16  Potential of an electrical dipole

16.1 Derivation Using Taylor Series

Two charges \(Q\) with opposite signs are separated by a distance \(\mathbf{a}\).
The electric dipole moment is defined as \(\mathbf{p} = Q \mathbf{a}\) and points from the negative to the positive charge.

Figure 16.1: Sketch of an electrical dipole aligned with the \(z\)-axis.
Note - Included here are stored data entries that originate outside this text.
definition is_gframe :: "nat \<Rightarrow> nat \<Rightarrow> nat \<Rightarrow> (nat \<Rightarrow> complex mat) \<Rightarrow> bool" where
  "is_gframe d r n T \<longleftrightarrow> (\<forall>j\<in>{1..n}. T j \<in> carrier_mat d r) \<and>
     (\<exists>A B. 0 < A \<and> A \<le> B \<and>
        (\<forall>x \<in> carrier_vec d.
           A * norm_sq_vec x \<le> (\<Sum>j=1..n. norm_sq_vec (mat_adjoint (T j) *\<^sub>v x)) \<and>
           (\<Sum>j=1..n. norm_sq_vec (mat_adjoint (T j) *\<^sub>v x)) \<le> B * norm_sq_vec x))"

definition gframe_op :: "nat \<Rightarrow> nat \<Rightarrow> (nat \<Rightarrow> complex mat) \<Rightarrow> complex mat" where
  "gframe_op d n T = mat d d (\<lambda>(a, b). \<Sum>j=1..n. (T j * mat_adjoint (T j)) $$ (a, b))"

definition mtrace :: "complex mat \<Rightarrow> complex" where
  "mtrace M = (\<Sum>i<dim_row M. M $$ (i, i))"

definition positive_definite :: "nat \<Rightarrow> complex mat \<Rightarrow> bool" where
  "positive_definite d R \<longleftrightarrow> R \<in> carrier_mat d d \<and> mat_adjoint R = R \<and>
     (\<forall>v \<in> carrier_vec d. v \<noteq> 0\<^sub>v d \<longrightarrow> (R *\<^sub>v v) \<bullet>c v > 0)"

definition pd_sqrt :: "nat \<Rightarrow> complex mat \<Rightarrow> complex mat" where
  "pd_sqrt d S = (THE R. positive_definite d R \<and> R * R = S)"

definition mat_inv :: "nat \<Rightarrow> complex mat \<Rightarrow> complex mat" where
  "mat_inv d M = (THE B. B \<in> carrier_mat d d \<and> M * B = 1\<^sub>m d \<and> B * M = 1\<^sub>m d)"

definition mat_range :: "complex mat \<Rightarrow> complex vec set" where
  "mat_range M = {M *\<^sub>v x | x. x \<in> carrier_vec (dim_col M)}"

definition orth_sets :: "complex vec set \<Rightarrow> complex vec set \<Rightarrow> bool" where
  "orth_sets U V \<longleftrightarrow> (\<forall>u\<in>U. \<forall>v\<in>V. u \<bullet>c v = 0)"

end

theory Submission
  imports Defs
begin

text \<open>
  Put \<open>W\<^sub>k = S\<^sup>-\<^sup>1\<^sup>/\<^sup>2 T\<^sub>k\<close>; then \<open>\<Sum>\<^sub>k W\<^sub>k W\<^sub>k\<^sup>* = 1\<close> and \<open>T\<^sub>j\<^sup>* S\<^sup>-\<^sup>1 T\<^sub>j = M\<close> with \<open>M = W\<^sub>j\<^sup>* W\<^sub>j\<close>.
  Multiplying the Parseval identity by \<open>W\<^sub>j\<^sup>*\<close> and \<open>W\<^sub>j\<close> gives
  \<open>M = M\<^sup>2 + \<Sum>\<^bsub>k\<noteq>j\<^esub> N\<^sub>k\<^sup>* N\<^sub>k\<close> with \<open>N\<^sub>k = W\<^sub>k\<^sup>* W\<^sub>j\<close>, so \<open>tr M = tr M\<^sup>2 + s\<close> with \<open>s \<ge> 0\<close>. Then
  \<open>0 \<le> tr ((1 - M)\<^sup>2) = r - 2 tr M + tr M\<^sup>2 = r - tr M - s\<close>, hence \<open>tr M \<le> r\<close>; and in case of
  equality \<open>M = 1\<close> (so no column of \<open>T\<^sub>j\<close> vanishes) and every \<open>N\<^sub>k = 0\<close> (orthogonal ranges).
  The inverse square root of the positive definite frame operator comes from its spectral
  decomposition, constructed one eigenvector at a time.
\<close>

lemma row_scalar_prod_col[simp]:
  "i < dim_row A \<Longrightarrow> j < dim_col B \<Longrightarrow> dim_col A = dim_row B \<Longrightarrow>
   row A i \<bullet> col B j = (\<Sum>l<dim_row B. A $$ (i, l) * B $$ (l, j))"
  by (auto simp: scalar_prod_def atLeast0LessThan intro!: sum.cong)

lemma row_scalar_prod[simp]:
  "i < dim_row A \<Longrightarrow> dim_col A = dim_vec v \<Longrightarrow> row A i \<bullet> v = (\<Sum>l<dim_vec v. A $$ (i, l) * v $ l)"
  by (simp add: scalar_prod_def atLeast0LessThan)

lemma index_mult_mat_sum:
  "A \<in> carrier_mat n m \<Longrightarrow> B \<in> carrier_mat m p \<Longrightarrow> i < n \<Longrightarrow> j < p \<Longrightarrow>
   (A * B) $$ (i, j) = (\<Sum>l<m. A $$ (i, l) * B $$ (l, j))"
  by (auto simp: scalar_prod_def atLeast0LessThan intro!: sum.cong)

lemma index_mult_mat_vec_sum:
  "A \<in> carrier_mat n m \<Longrightarrow> v \<in> carrier_vec m \<Longrightarrow> i < n \<Longrightarrow>
   (A *\<^sub>v v) $ i = (\<Sum>l<m. A $$ (i, l) * v $ l)"
  by (simp add: scalar_prod_def atLeast0LessThan)

lemma minus_zero_mat[simp]: "A \<in> carrier_mat n m \<Longrightarrow> A - 0\<^sub>m n m = (A :: 'a :: group_add mat)"
  by (rule eq_matI) auto

lemma minus_mat_eq_0_imp_eq:
  fixes A B :: "'a :: group_add mat"
  assumes A: "A \<in> carrier_mat n m" and B: "B \<in> carrier_mat n m" and AB: "A - B = 0\<^sub>m n m"
  shows "A = B"
proof (rule eq_matI)
  fix i j assume ij: "i < dim_row B" "j < dim_col B"
  have "(A - B) $$ (i, j) = 0" using AB ij B by simp
  with A B ij show "A $$ (i, j) = B $$ (i, j)" by simp
qed (use A B in auto)

lemma mult_mat_zero_vec[simp]: "A \<in> carrier_mat n m \<Longrightarrow> A *\<^sub>v 0\<^sub>v m = (0\<^sub>v n :: 'a :: semiring_0 vec)"
  by (intro eq_vecI) auto

lemma cscalar_prod_sum:
  fixes v w :: "complex vec"
  shows "dim_vec v = dim_vec w \<Longrightarrow> v \<bullet>c w = (\<Sum>i<dim_vec w. v $ i * cnj (w $ i))"
  by (simp add: scalar_prod_def atLeast0LessThan)

lemma cscalar_prod_commute:
  fixes v w :: "complex vec"
  shows "dim_vec v = dim_vec w \<Longrightarrow> v \<bullet>c w = cnj (w \<bullet>c v)"
  by (simp add: cscalar_prod_sum mult.commute)

lemma cscalar_prod_self:
  fixes v :: "complex vec"
  shows "v \<bullet>c v = complex_of_real (norm_sq_vec v)"
proof -
  have "v \<bullet>c v = complex_of_real (\<Sum>i<dim_vec v. (Re (v $ i))\<^sup>2 + (Im (v $ i))\<^sup>2)"
    by (simp add: cscalar_prod_sum complex_mult_cnj)
  thus ?thesis unfolding norm_sq_vec_def by simp
qed

lemma index_mat_adjoint[simp]:
  fixes A :: "complex mat"
  shows "i < dim_col A \<Longrightarrow> j < dim_row A \<Longrightarrow> mat_adjoint A $$ (i, j) = cnj (A $$ (j, i))"
  unfolding mat_adjoint_def by (simp add: mat_of_rows_def)

lemma dim_mat_adjoint[simp]:
  fixes A :: "complex mat"
  shows "dim_row (mat_adjoint A) = dim_col A" "dim_col (mat_adjoint A) = dim_row A"
  unfolding mat_adjoint_def by (simp_all add: mat_of_rows_def)

lemma mat_adjoint_carrier[simp]:
  fixes A :: "complex mat"
  shows "A \<in> carrier_mat n m \<Longrightarrow> mat_adjoint A \<in> carrier_mat m n"
  unfolding carrier_mat_def by simp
According to the principle of superposition, the potential is given by \[ U(\mathbf{r}) = \frac{Q}{4 \pi \varepsilon} \left[ \frac{1}{|\mathbf{r} - \mathbf{a}|} - \frac{1}{|\mathbf{r}|} \right]. \]

For \(|\mathbf{a}| \ll |\mathbf{r}|\), the reciprocal distance (first term in the brackets) can be expanded into a series \[ \begin{align} \frac{1}{|\mathbf{r} - \mathbf{a}|} & \approx \frac{1}{|\mathbf{r}|} \left\{ 1 - 2 \frac{\mathbf{a} \cdot \mathbf{r}}{|\mathbf{r}|^2} \right\}^{-1/2} \\ & \approx \frac{1}{|\mathbf{r}|} \left[ 1 + \frac{\mathbf{a} \cdot \mathbf{r}}{|\mathbf{r}|^2} \right]. \end{align} \]

The dipole potential is thus \[ U(\mathbf{r}) = \frac{Q}{4 \pi \varepsilon} \frac{\mathbf{a} \cdot \mathbf{r}}{|\mathbf{r}|^3}. \]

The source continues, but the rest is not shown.